(Saved data entries)
^^^^^^^^

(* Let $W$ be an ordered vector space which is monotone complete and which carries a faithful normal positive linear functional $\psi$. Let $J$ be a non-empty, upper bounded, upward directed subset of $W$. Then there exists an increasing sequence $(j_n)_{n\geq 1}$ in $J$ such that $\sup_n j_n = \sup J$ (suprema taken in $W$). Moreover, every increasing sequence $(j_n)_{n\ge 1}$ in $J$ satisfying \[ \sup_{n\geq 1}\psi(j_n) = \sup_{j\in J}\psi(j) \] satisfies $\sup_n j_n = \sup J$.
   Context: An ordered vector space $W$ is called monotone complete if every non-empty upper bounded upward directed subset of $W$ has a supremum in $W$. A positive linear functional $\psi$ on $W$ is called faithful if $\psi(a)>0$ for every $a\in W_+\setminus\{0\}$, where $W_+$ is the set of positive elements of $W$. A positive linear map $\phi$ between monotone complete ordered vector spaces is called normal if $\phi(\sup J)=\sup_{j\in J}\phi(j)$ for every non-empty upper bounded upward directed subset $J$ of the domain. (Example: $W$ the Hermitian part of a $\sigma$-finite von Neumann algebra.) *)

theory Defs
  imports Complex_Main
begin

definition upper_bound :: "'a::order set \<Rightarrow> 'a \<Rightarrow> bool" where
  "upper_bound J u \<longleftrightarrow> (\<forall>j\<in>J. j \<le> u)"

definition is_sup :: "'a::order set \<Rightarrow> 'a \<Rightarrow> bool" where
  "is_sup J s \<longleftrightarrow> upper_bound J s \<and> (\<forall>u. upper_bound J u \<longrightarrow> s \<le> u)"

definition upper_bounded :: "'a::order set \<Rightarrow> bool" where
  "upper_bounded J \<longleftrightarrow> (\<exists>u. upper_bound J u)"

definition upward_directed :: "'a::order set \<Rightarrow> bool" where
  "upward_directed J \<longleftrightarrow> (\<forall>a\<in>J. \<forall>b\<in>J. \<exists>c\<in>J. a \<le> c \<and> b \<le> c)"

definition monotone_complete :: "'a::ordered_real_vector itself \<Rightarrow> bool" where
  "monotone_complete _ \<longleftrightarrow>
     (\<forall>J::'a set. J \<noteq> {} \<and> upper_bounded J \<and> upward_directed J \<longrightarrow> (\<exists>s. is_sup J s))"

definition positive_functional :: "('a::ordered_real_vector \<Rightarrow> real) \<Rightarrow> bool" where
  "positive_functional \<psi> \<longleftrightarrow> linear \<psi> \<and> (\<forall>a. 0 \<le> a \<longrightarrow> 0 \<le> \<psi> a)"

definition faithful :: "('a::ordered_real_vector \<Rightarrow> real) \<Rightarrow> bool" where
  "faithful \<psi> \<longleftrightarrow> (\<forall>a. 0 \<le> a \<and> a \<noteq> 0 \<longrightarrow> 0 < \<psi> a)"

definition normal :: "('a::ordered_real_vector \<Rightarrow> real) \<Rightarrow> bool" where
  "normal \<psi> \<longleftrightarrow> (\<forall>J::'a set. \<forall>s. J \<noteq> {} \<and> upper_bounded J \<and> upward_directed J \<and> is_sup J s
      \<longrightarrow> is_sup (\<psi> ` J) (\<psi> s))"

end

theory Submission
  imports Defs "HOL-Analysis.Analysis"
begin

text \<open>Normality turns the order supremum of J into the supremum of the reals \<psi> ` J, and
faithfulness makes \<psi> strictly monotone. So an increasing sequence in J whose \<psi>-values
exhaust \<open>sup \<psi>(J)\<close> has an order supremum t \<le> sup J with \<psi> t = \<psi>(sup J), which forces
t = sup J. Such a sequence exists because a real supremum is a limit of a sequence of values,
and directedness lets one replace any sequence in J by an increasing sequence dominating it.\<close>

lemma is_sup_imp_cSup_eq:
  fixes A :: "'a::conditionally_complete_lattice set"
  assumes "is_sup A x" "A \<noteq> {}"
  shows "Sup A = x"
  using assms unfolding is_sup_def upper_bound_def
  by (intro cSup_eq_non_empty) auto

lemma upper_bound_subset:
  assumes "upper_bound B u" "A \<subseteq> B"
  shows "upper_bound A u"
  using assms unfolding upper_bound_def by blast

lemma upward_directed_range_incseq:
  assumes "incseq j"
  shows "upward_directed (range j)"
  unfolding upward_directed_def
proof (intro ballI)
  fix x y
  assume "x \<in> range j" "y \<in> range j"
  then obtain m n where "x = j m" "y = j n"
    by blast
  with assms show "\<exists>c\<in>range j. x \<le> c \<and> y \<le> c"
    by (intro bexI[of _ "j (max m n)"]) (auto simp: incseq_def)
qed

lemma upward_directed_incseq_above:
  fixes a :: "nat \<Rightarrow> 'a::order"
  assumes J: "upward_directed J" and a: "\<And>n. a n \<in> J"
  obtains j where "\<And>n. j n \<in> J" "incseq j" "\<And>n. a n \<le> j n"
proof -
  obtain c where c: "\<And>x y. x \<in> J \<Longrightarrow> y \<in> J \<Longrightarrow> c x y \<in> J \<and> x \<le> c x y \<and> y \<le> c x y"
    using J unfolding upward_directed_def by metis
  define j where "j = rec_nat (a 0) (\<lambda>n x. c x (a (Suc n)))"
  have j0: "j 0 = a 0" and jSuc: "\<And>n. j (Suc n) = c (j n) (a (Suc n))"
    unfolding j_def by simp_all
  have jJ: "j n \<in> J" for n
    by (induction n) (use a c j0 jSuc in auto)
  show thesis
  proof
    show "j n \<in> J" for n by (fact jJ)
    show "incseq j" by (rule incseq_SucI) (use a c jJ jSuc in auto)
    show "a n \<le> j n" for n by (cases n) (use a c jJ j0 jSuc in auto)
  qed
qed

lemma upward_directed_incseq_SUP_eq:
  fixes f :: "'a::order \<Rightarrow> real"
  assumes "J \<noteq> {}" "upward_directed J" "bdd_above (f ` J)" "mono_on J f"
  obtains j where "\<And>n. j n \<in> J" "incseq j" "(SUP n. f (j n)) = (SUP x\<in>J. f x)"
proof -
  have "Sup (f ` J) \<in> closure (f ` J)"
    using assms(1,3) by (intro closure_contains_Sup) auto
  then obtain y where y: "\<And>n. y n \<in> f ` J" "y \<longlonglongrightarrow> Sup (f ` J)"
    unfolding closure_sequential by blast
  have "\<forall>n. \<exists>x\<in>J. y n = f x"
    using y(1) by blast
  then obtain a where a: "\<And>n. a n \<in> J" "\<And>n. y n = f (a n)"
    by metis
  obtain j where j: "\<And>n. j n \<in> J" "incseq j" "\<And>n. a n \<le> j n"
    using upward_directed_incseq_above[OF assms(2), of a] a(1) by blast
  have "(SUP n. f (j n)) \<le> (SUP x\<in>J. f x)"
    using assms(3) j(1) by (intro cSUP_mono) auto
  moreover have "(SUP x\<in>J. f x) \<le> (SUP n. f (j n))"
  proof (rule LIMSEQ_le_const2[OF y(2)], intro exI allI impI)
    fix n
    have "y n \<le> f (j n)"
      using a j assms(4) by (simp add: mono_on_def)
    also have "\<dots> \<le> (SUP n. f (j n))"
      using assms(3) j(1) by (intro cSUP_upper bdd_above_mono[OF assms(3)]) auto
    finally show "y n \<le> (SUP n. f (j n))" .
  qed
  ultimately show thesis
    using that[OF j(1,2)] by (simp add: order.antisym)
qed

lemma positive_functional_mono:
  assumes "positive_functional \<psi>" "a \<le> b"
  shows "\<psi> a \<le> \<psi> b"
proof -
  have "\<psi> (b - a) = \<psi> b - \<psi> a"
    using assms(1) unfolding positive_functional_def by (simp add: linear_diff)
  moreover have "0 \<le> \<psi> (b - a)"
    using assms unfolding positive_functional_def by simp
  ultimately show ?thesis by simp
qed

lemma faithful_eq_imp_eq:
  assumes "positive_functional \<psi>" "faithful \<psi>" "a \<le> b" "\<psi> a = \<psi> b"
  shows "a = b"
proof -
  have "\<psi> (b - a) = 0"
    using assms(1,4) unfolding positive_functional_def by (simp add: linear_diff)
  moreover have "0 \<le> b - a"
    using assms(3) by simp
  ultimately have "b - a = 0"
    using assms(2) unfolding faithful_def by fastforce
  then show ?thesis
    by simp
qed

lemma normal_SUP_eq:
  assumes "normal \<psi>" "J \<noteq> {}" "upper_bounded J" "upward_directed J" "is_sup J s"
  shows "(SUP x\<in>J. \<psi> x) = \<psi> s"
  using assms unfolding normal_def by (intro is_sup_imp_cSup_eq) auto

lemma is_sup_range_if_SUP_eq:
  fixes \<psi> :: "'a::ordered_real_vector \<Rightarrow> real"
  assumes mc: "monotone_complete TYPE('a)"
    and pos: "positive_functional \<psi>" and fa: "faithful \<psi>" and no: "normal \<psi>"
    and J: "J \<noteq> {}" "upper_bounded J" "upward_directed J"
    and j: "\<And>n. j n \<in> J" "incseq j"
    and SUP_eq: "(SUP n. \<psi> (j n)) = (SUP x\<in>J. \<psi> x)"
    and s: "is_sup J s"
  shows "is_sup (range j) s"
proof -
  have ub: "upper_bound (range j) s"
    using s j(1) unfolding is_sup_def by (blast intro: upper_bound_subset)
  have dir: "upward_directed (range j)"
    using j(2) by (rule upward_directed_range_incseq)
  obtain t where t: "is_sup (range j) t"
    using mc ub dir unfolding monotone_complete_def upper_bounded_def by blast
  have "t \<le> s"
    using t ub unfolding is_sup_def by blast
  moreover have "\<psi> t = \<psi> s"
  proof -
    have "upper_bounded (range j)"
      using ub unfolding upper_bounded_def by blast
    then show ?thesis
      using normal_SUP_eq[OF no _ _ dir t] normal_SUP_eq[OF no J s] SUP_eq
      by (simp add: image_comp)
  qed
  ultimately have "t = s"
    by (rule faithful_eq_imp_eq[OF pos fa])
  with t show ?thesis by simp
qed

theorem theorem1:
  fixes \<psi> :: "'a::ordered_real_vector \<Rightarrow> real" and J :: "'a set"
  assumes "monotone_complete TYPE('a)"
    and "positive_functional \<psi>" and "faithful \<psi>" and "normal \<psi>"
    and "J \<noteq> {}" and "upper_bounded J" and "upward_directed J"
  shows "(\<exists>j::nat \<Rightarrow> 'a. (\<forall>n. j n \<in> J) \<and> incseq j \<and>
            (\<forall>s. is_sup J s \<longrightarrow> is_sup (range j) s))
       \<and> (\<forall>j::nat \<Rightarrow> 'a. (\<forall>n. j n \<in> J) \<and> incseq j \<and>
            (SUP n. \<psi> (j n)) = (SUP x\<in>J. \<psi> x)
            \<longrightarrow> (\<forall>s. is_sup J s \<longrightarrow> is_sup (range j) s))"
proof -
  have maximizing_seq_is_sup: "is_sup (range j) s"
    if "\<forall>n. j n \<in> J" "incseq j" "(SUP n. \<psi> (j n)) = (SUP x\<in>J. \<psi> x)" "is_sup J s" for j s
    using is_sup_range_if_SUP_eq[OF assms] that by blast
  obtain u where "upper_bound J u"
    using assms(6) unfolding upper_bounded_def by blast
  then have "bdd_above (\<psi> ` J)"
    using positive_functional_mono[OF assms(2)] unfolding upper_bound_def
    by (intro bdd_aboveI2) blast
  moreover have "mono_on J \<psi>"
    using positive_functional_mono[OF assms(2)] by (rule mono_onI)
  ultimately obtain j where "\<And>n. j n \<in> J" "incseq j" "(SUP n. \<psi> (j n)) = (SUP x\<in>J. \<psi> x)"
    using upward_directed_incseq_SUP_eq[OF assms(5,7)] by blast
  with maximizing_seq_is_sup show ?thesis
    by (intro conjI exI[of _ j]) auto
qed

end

^^^^^^^^

§ **Problem statement**: Of the entries above, transcribe exactly those lines that fall between the line containing "using upward_directed_incseq_above[OF assms(2), of" and the line containing "a) = \<psi> b", together with those two lines.

§ **Written response**:
    using upward_directed_incseq_above[OF assms(2), of a] a(1) by blast
  have "(SUP n. f (j n)) \<le> (SUP x\<in>J. f x)"
    using assms(3) j(1) by (intro cSUP_mono) auto
  moreover have "(SUP x\<in>J. f x) \<le> (SUP n. f (j n))"
  proof (rule LIMSEQ_le_const2[OF y(2)], intro exI allI impI)
    fix n
    have "y n \<le> f (j n)"
      using a j assms(4) by (simp add: mono_on_def)
    also have "\<dots> \<le> (SUP n. f (j n))"
      using assms(3) j(1) by (intro cSUP_upper bdd_above_mono[OF assms(3)]) auto
    finally show "y n \<le> (SUP n. f (j n))" .
  qed
  ultimately show thesis
    using that[OF j(1,2)] by (simp add: order.antisym)
qed

lemma positive_functional_mono:
  assumes "positive_functional \<psi>" "a \<le> b"
  shows "\<psi> a \<le> \<psi> b"
proof -
  have "\<psi> (b - a) = \<psi> b - \<psi> a"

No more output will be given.